In order to persist credentials between shell processes, you can use the ~/.aws/credentials and ~/.aws/config files which are automatically recognized by the AWS CLI, SDKs, and CDK.

AWS recommends using temporary credentials using IAM Roles. Try to avoid using long-lived IAM User credentials.

You can persist credentials exported into your terminal with the following commands:

aws configure set aws_access_key_id "$AWS_ACCESS_KEY_ID"
aws configure set aws_secret_access_key "$AWS_SECRET_ACCESS_KEY"
aws configure set aws_session_token "$AWS_SESSION_TOKEN"

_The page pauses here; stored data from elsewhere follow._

(* Let $R$ be an Artinian ring, with notation as in the context, and let $m,n\ge0$. For each $1\le k\le q$ let $S(k)\subset\{1,\dots,\mu_km\}$ be a subset with $\mu_kn$ elements. Then there exists an $R$-linear map $g\colon R^n\to R^m$ such that every column-adapted map $h\colon R^m\to R^n$ with $\mathfrak S(h,k)=S(k)$ for all $1\le k\le q$ satisfies $h\circ g=\mathrm{id}$.
   Context: Let $R$ be an Artinian ring, $J(R)$ its Jacobson radical, $\overline R=R/J(R)$, and $\bar x$ (resp. $\bar A$) the image of an element (resp. entrywise image of a matrix). $\overline R$ is semisimple, $\overline R\cong \mathrm{Mat}_{\mu_1}(\mathbb D_1)\times\cdots\times\mathrm{Mat}_{\mu_q}(\mathbb D_q)$ with division rings $\mathbb D_k$; put $\mu=\mu_1+\cdots+\mu_q$. Fix orthogonal idempotents $e^k_i\in R$ ($1\le k\le q$, $1\le i\le\mu_k$) with $\sum_{k,i}e^k_i=1$ lifting the orthogonal idempotents $\bar e^k_i$ of $\overline R$ given by the diagonal matrix units of this decomposition (so $e^k_iR\cong e^{k'}_{i'}R$ iff $k=k'$). Let $\mathbb L_{hk}=e^h_1Re^k_1$; then $\overline{\mathbb L_{kk}}=\mathbb D_k$ and $\overline{\mathbb L_{hk}}=0$ for $h\ne k$. The Peirce decomposition $R\cong\mathrm{End}(R_R)=\bigoplus\mathrm{Hom}(e^k_jR,e^h_iR)$, with the isomorphisms $e^h_iR\cong e^h_1R$, gives an injective ring homomorphism (the Artin–Wedderburn embedding) $\Phi\colon R\to\mathrm{Mat}_\mu(R)$, $x\mapsto(\Phi_{hk}(x))_{h,k=1}^q$ a $q\times q$ block matrix with $\Phi_{hk}(x)\in\mathrm{Mat}_{\mu_h,\mu_k}(\mathbb L_{hk})$; its reduction $\overline\Phi\colon\overline R\to\mathrm{Mat}_\mu(\overline R)$ sends $\bar x$ to the block-diagonal matrix whose $k$-th block is the $\mathrm{Mat}_{\mu_k}(\mathbb D_k)$-component of $\bar x$. Vectors $R^n$ are columns (right $R$-modules); an $R$-linear $h\colon R^m\to R^n$ is an $n\times m$ matrix, and $\Phi(h)\in\mathrm{Mat}_{\mu n,\mu m}(R)$ is obtained by replacing each entry $x$ by $\Phi(x)$; similarly $\overline\Phi(\bar h)$. Distinguished basis: for $1\le k\le q$, $1\le a\le m$, $1\le r\le\mu_k$, let $\vec v(k)_{(a-1)\mu_k+r}$ be the standard basis vector of $R^{\mu m}$ of index $(a-1)\mu+\mu_1+\cdots+\mu_{k-1}+r$; define $\vec w(k)_i$ ($1\le i\le\mu_kn$) in $R^{\mu n}$ in the same way, bars denoting images in $\overline R^{\mu m},\overline R^{\mu n}$. For surjective $h$ and each $k$, $\mathfrak S(h,k)$ is the smallest, in the lexicographic order on increasingly sorted sequences, subset $S\subset\{1,\dots,\mu_km\}$ such that $\{\overline\Phi(\bar h)(\overline{\vec v(k)_j}):j\in S\}$ is a basis of the right $\mathbb D_k$-module $\bigoplus_{i=1}^{\mu_kn}\overline{\vec w(k)_i}\cdot\mathbb D_k$ (it has $\mu_kn$ elements). A surjective $R$-linear $h\colon R^m\to R^n$ is column-adapted if (i) for every $k$, writing $\mathfrak S(h,k)=\{j_1<\cdots<j_{\mu_kn}\}$, $\overline\Phi(\bar h)(\overline{\vec v(k)_{j_i}})=\overline{\vec w(k)_i}$ for all $i$, and (ii) $\Phi(h)(\vec v(k)_{j_i})=\vec w(k)_i$ for all $k$ and $1\le i\le\mu_kn$. *)

theory Defs
  imports "Jordan_Normal_Form.Matrix"
begin

text \<open>Conventions: all indices are 0-based. The paper's block index k = 1..q is k = 0..<q,
 the idempotent e^k_i (i = 1..mu_k) is e k i (i = 0..<mu k), so e^k_1 is e k 0.
 The index sets of the paper, subsets of 1..mu_k m, become subsets of 0..<mu_k m.\<close>

definition right_ideal :: "'a::ring_1 set \<Rightarrow> bool" where
  "right_ideal I \<longleftrightarrow> 0 \<in> I \<and> (\<forall>x\<in>I. \<forall>y\<in>I. x + y \<in> I) \<and> (\<forall>x\<in>I. - x \<in> I)
     \<and> (\<forall>x\<in>I. \<forall>r. x * r \<in> I)"

definition right_artinian :: "'a::ring_1 itself \<Rightarrow> bool" where
  "right_artinian _ \<longleftrightarrow>
     (\<forall>I :: nat \<Rightarrow> 'a set. (\<forall>k. right_ideal (I k)) \<and> (\<forall>k. I (Suc k) \<subseteq> I k)
        \<longrightarrow> (\<exists>N. \<forall>k\<ge>N. I k = I N))"

definition maximal_right_ideal :: "'a::ring_1 set \<Rightarrow> bool" where
  "maximal_right_ideal I \<longleftrightarrow> right_ideal I \<and> I \<noteq> UNIV \<and>
     (\<forall>K. right_ideal K \<and> I \<subseteq> K \<longrightarrow> K = I \<or> K = UNIV)"

definition jacobson :: "'a::ring_1 set" where
  "jacobson = \<Inter> {I. maximal_right_ideal I}"

definition principal_right :: "'a::ring_1 \<Rightarrow> 'a set" where
  "principal_right e = {e * x | x. True}"

definition iso_right_modules :: "'a::ring_1 set \<Rightarrow> 'a set \<Rightarrow> bool" where
  "iso_right_modules A B \<longleftrightarrow> (\<exists>\<phi>. bij_betw \<phi> A B \<and> (\<forall>x\<in>A. \<forall>y\<in>A. \<phi> (x + y) = \<phi> x + \<phi> y)
      \<and> (\<forall>x\<in>A. \<forall>r. \<phi> (x * r) = \<phi> x * r))"

definition corner :: "'a::ring_1 \<Rightarrow> 'a \<Rightarrow> 'a set" where
  "corner e f = {e * x * f | x. True}"

definition division_mod_jac :: "'a::ring_1 \<Rightarrow> bool" where
  "division_mod_jac e \<longleftrightarrow> e \<notin> jacobson \<and>
     (\<forall>x\<in>corner e e. x \<notin> jacobson \<longrightarrow>
        (\<exists>y\<in>corner e e. x * y - e \<in> jacobson \<and> y * x - e \<in> jacobson))"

Checkout your ~/.aws/credentials and ~/.aws/config to confirm the credentials have been saved:

cat ~/.aws/credentials

This works, but what if you're switching between multiple AWS accounts and want to save different sets of credentials? We need a way to separate and identify sets of credentials. This is what the AWS_PROFILE environment variable is for. You can append --profile "$AWS_PROFILE" to each of the previous aws configure set... commands with an exported AWS_PROFILE environment variable to identify sets of credentials.

Alias

To make the previous commands easier to run, you can create an alias, uac (update aws credentials), in your shell configuration file (.zschrc, ...) like below:

.zshrc
alias uac='(
  aws configure set aws_access_key_id "$AWS_ACCESS_KEY_ID" --profile "$AWS_PROFILE"
  aws configure set aws_secret_access_key "$AWS_SECRET_ACCESS_KEY" --profile "$AWS_PROFILE"
  aws configure set aws_session_token "$AWS_SESSION_TOKEN" --profile "$AWS_PROFILE"
  echo "AWS Credentials Updated ✅"
)'

Now, with your AWS credentials and AWS_PROFILE in your shell process, you can simply run uac and your AWS credentials will be persisted but you'll need to ensure the AWS_PROFILE environment variable is set so that AWS tools know which persisted credentials to use. This is where direnv (opens in a new tab) can help.

direnv

direnv is an extension for your shell that loads and unloads environment variables in your current shell based on your current working directory. This means you can add a .envrc file at the root of your monorepo that looks like:

.envrc
export AWS_PROFILE=my-profile

Then run direnv allow and now AWS_PROFILE will be set in any new shell process created within your monorepo. Prove this by running printenv | grep AWS. You'll notice in gboost create templates, there are .envrc files already setup for you with commonly needed environment variables like AWS_PROFILE. We also include DB related environment variables so you easily connect to your DB locally. You're welcome to set other environment variables you commonly need within your .envrc file.